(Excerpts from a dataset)
◆ ◆ ◆
(* Let $A\in\tilde\omega_n^{0,1}$ and suppose $G_A$ contains a directed cycle $C$: $v_{i_1}\to v_{i_2}\to\cdots\to v_{i_r}\to v_{i_1}$ with edge weights $a_{i_1i_2},\dots,a_{i_ri_1}$. Let $\tilde A$ be the $(n-r)\times(n-r)$ principal submatrix of $A$ obtained by deleting rows and columns $i_1,\dots,i_r$ (with $\operatorname{per}$ of the empty matrix equal to $1$). Then $$\operatorname{per}(I-A)=\operatorname{per}(I-\tilde A)\,\big(1+(-1)^r a_{i_1i_2}a_{i_2i_3}\cdots a_{i_ri_1}\big).$$
   Context: An $n\times n$ matrix is row substochastic if all its entries are nonnegative and each row sum is at most $1$. $\tilde\omega_n^{0,1}$ denotes the set of all $n\times n$ row substochastic matrices with zero main diagonal and at most one positive entry in each row. For an $n\times n$ matrix $A=[a_{ij}]$, $G_A$ is the directed weighted graph on vertices $v_1,\dots,v_n$ having a directed edge $v_i\to v_j$ of weight $a_{ij}$ exactly when $a_{ij}\ne 0$. The permanent is $\operatorname{per}(M)=\sum_{\pi\in S_n}\prod_i m_{i\pi(i)}$, and $I$ denotes an identity matrix of the appropriate size. *)

theory Defs
  imports "HOL-Combinatorics.Permutations" Complex_Main
begin

text \<open>n x n matrices are represented as functions nat => nat => real,
  of which only the entries with indices in {..<n} matter.\<close>

definition row_substochastic :: "nat \<Rightarrow> (nat \<Rightarrow> nat \<Rightarrow> real) \<Rightarrow> bool" where
  "row_substochastic n A \<longleftrightarrow>
     (\<forall>i<n. \<forall>j<n. 0 \<le> A i j) \<and> (\<forall>i<n. (\<Sum>j<n. A i j) \<le> 1)"

definition omega01 :: "nat \<Rightarrow> (nat \<Rightarrow> nat \<Rightarrow> real) \<Rightarrow> bool" where
  "omega01 n A \<longleftrightarrow> row_substochastic n A \<and> (\<forall>i<n. A i i = 0) \<and>
     (\<forall>i<n. card {j. j < n \<and> 0 < A i j} \<le> 1)"

definition graph_edge :: "nat \<Rightarrow> (nat \<Rightarrow> nat \<Rightarrow> real) \<Rightarrow> nat \<Rightarrow> nat \<Rightarrow> bool" where
  "graph_edge n A i j \<longleftrightarrow> i < n \<and> j < n \<and> A i j \<noteq> 0"

definition directed_cycle :: "nat \<Rightarrow> (nat \<Rightarrow> nat \<Rightarrow> real) \<Rightarrow> nat list \<Rightarrow> bool" where
  "directed_cycle n A c \<longleftrightarrow> c \<noteq> [] \<and> distinct c \<and>
     (\<forall>k < length c. graph_edge n A (c ! k) (c ! ((k + 1) mod length c)))"

text \<open>Permanent of the principal submatrix of M with rows/columns indexed by the finite set S
  (the permanent of the empty matrix is 1).\<close>
definition per_on :: "nat set \<Rightarrow> (nat \<Rightarrow> nat \<Rightarrow> real) \<Rightarrow> real" where
  "per_on S M = (\<Sum>p \<in> {p. p permutes S}. \<Prod>i\<in>S. M i (p i))"

definition idm :: "nat \<Rightarrow> nat \<Rightarrow> real" where
  "idm i j = (if i = j then 1 else 0)"

end

theory Submission
  imports Defs "HOL-Combinatorics.Cycles"
begin

text \<open>Since A has at most one positive entry per row, a row of I - A indexed by a vertex of the
  cycle is supported on the diagonal and on the column of its successor along the cycle. So I - A
  is block triangular with respect to the cycle vertices and the remaining ones, and its permanent
  is the permanent of the cycle block times per(I - \<open>\<tilde>A\<close>). In the cycle block only the identity
  (weight 1) and the cyclic shift (weight (-1)^r a_{i_1 i_2} ... a_{i_r i_1}) have nonzero weight.\<close>

lemma permutes_restrict_id_invariant:
  assumes "p permutes S" "finite C" "C \<subseteq> S" "p ` C \<subseteq> C"
  shows "restrict_id p C permutes C" "restrict_id p (S - C) permutes (S - C)"
    and "restrict_id p C \<circ> restrict_id p (S - C) = p"
proof -
  have pC: "p ` C = C"
    using endo_inj_surj[OF assms(2,4)] permutes_inj_on[OF assms(1)] by blast
  then show "restrict_id p C permutes C"
    using permutes_inj_on[OF assms(1)] by (intro permutes_restrict_id) (simp add: bij_betw_def)
  have "p ` (S - C) = S - C"
    using pC permutes_image[OF assms(1)] permutes_inj[OF assms(1)]
    by (metis image_set_diff)
  then show "restrict_id p (S - C) permutes (S - C)"
    using permutes_inj_on[OF assms(1)] by (intro permutes_restrict_id) (simp add: bij_betw_def)
  show "restrict_id p C \<circ> restrict_id p (S - C) = p"
  proof
    fix x
    show "(restrict_id p C \<circ> restrict_id p (S - C)) x = p x"
      using pC permutes_in_image[OF assms(1)] permutes_not_in[OF assms(1)] assms(3)
        inj_image_mem_iff[OF permutes_inj[OF assms(1)], of x C]
      by (cases "x \<in> C"; cases "x \<in> S") (auto simp: restrict_id_def)
  qed
qed
lemma power_sums_congruent:
  assumes units: "v a = 0" "v b = 0" "v c = 0" "v d = 0"
    and sum: "m \<le> v (a + b - c - d)"
    and inverse_sum: "m \<le> v (inverse a + inverse b - inverse c - inverse d)"
    and "v (a + b) = 0 \<or> odd k"
  shows "m \<le> v (a ^ k + b ^ k - c ^ k - d ^ k)"
proof -
  have integral: "0 \<le> v (a + b)" "0 \<le> v (c + d)" "0 \<le> v (a * b)" "0 \<le> v (c * d)"
    using units by (simp_all add: v_add_ge v_mult)
  have s: "vcong m (a + b) (c + d)"
    using sum integral by (simp add: vcong_def diff_diff_eq)
  have "vcong m ((a + b) * (c * d)) ((c + d) * (a * b))"
    using inverse_sum integral v_inverse_sum_diff[OF units] by (simp add: vcong_def v_mult)
  then have sp: "vcong m ((c + d) * (a * b)) ((a + b) * (c * d))"
    by (rule vcong_sym)
  have "vcong m (a ^ k + b ^ k) (c ^ k + d ^ k)"
    using \<open>v (a + b) = 0 \<or> odd k\<close>
  proof
    assume "v (a + b) = 0"
    then have "vcong m (a * b) (c * d)"
      using vcong_product_if_sum_unit[OF s sp _ integral(3,4)] by simp
    then show ?thesis
      by (rule vcong_power_sums[OF s])
  next
    assume "odd k"
    then obtain n where "k = 2 * n + 1"
      by (rule oddE)
    then show ?thesis
      using vcong_odd_power_sums[OF s sp integral(3,4)] by simp
  qed
  then show ?thesis
    by (simp add: vcong_def diff_diff_eq)
qed

lemma power_int_sums_congruent:
  assumes units: "v a = 0" "v b = 0" "v c = 0" "v d = 0"
    and sum: "m \<le> v (a + b - c - d)"
    and inverse_sum: "m \<le> v (inverse a + inverse b - inverse c - inverse d)"
    and "v (a + b) = 0 \<or> odd l"
  shows "m \<le> v (a powi l + b powi l - c powi l - d powi l)"
proof (cases "0 \<le> l")
  case True
  then obtain k where "l = int k"
    using nonneg_int_cases by blast
  then show ?thesis
    using power_sums_congruent[OF units sum inverse_sum, of k] assms(7) by simp
next
  case False
  define k where "k = nat (- l)"
  have l: "l = - int k"
    using False by (simp add: k_def)
  have "inverse a + inverse b = inverse (a * b) * (a + b)"
    using units by (simp add: v_unit_nonzero field_simps)
  then have "v (inverse a + inverse b) = 0 \<or> odd k"
    using assms(7) units l by (auto simp: v_mult v_inverse_unit)
  from power_sums_congruent[OF units[THEN v_inverse_unit] inverse_sum _ this] sum
  show ?thesis
    unfolding l by (simp add: power_int_minus power_inverse)
qed

end

theorem lemma12p2:
  fixes v :: "'a::field_char_0 \<Rightarrow> ereal"
    and \<alpha>1 \<alpha>2 \<alpha>3 \<alpha>4 :: 'a
  assumes "nonarch_local_field v"
    and "odd_residue_char v"
    and "\<alpha>1 \<in> val_units v" "\<alpha>2 \<in> val_units v" "\<alpha>3 \<in> val_units v" "\<alpha>4 \<in> val_units v"
  shows "(\<forall>l::int. odd l \<longrightarrow>
            min (v (\<alpha>1 + \<alpha>2 - \<alpha>3 - \<alpha>4))
                (v (inverse \<alpha>1 + inverse \<alpha>2 - inverse \<alpha>3 - inverse \<alpha>4))
            \<le> v (\<alpha>1 powi l + \<alpha>2 powi l - \<alpha>3 powi l - \<alpha>4 powi l))
       \<and> (\<alpha>1 + \<alpha>2 \<in> val_units v \<longrightarrow>
          (\<forall>l::int.
            min (v (\<alpha>1 + \<alpha>2 - \<alpha>3 - \<alpha>4))
                (v (inverse \<alpha>1 + inverse \<alpha>2 - inverse \<alpha>3 - inverse \<alpha>4))
            \<le> v (\<alpha>1 powi l + \<alpha>2 powi l - \<alpha>3 powi l - \<alpha>4 powi l)))"
proof -
  interpret field_valuation v
    using assms(1) normalised_discrete_valuation_imp_field_valuation
    unfolding nonarch_local_field_def by blast
  have units: "v \<alpha>1 = 0" "v \<alpha>2 = 0" "v \<alpha>3 = 0" "v \<alpha>4 = 0"
    using assms(3-6) unfolding val_units_def by simp_all
  have "min (v (\<alpha>1 + \<alpha>2 - \<alpha>3 - \<alpha>4))
            (v (inverse \<alpha>1 + inverse \<alpha>2 - inverse \<alpha>3 - inverse \<alpha>4))
        \<le> v (\<alpha>1 powi l + \<alpha>2 powi l - \<alpha>3 powi l - \<alpha>4 powi l)"
    if "v (\<alpha>1 + \<alpha>2) = 0 \<or> odd l" for l
    using power_int_sums_congruent[OF units min.cobounded1 min.cobounded2 that] .
  then show ?thesis
    unfolding val_units_def by blast
qed

end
◆ ◆ ◆
# EXERCISE GOAL
Each line from the one containing "using False by (simp add: k_def)" through the end of the entries, both included, is to be returned exactly, with no other lines.

# REPLY TO THE TASK
    using False by (simp add: k_def)
  have "inverse a + inverse b = inverse (a * b) * (a + b)"
    using units by (simp add: v_unit_nonzero field_simps)
  then have "v (inverse a + inverse b) = 0 \<or> odd k"
    using assms(7) units l by (auto simp: v_mult v_inverse_unit)
  from power_sums_congruent[OF units[THEN v_inverse_unit] inverse_sum _ this] sum
  show ?thesis
    unfolding l by (simp add: power_int_minus power_inverse)
qed

end

theorem lemma12p2:
  fixes v :: "'a::field_char_0 \<Rightarrow> ereal"
    and \<alpha>1 \<alpha>2 \<alpha>3 \<alpha>4 :: 'a
  assumes "nonarch_local_field v"
    and "odd_residue_char v"
    and "\<alpha>1 \<in> val_units v" "\<alpha>2 \<in> val_units v" "\<alpha>3 \<in> val_units v" "\<alpha>4 \<in> val_units v"
  shows "(\<forall>l::int. odd l \<longrightarrow>
            min (v (\<alpha>1 + \<alpha>2 - \<alpha>3 - \<alpha>4))
                (v (inverse \<alpha>1 + inverse \<alpha>2 - inverse \<alpha>3 - inverse \<alpha>4))
            \<le> v (\<alpha>1 powi l + \<alpha>2 powi l - \<alpha>3 powi l - \<alpha>4 powi l))
       \<and> (\<alpha>1 + \<alpha>2 \<in> val_units v \<longrightarrow>
          (\<forall>l::int.
            min (v (\<alpha>1 + \<alpha>2 - \<alpha>3 - \<alpha>4))
                (v (inverse \<alpha>1 + inverse \<alpha>2 - inverse \<alpha>3 - inverse \<alpha>4))
            \<le> v (\<alpha>1 powi l + \<alpha>2 powi l - \<alpha>3 powi l - \<alpha>4 powi l)))"
proof -
  interpret field_valuation v
    using assms(1) normalised_discrete_valuation_imp_field_valuation
    unfolding nonarch_local_field_def by blast
  have units: "v \<alpha>1 = 0" "v \<alpha>2 = 0" "v \<alpha>3 = 0" "v \<alpha>4 = 0"
    using assms(3-6) unfolding val_units_def by simp_all
  have "min (v (\<alpha>1 + \<alpha>2 - \<alpha>3 - \<alpha>4))
            (v (inverse \<alpha>1 + inverse \<alpha>2 - inverse \<alpha>3 - inverse \<alpha>4))
        \<le> v (\<alpha>1 powi l + \<alpha>2 powi l - \<alpha>3 powi l - \<alpha>4 powi l)"
    if "v (\<alpha>1 + \<alpha>2) = 0 \<or> odd l" for l
    using power_int_sums_congruent[OF units min.cobounded1 min.cobounded2 that] .
  then show ?thesis
    unfolding val_units_def by blast
qed

end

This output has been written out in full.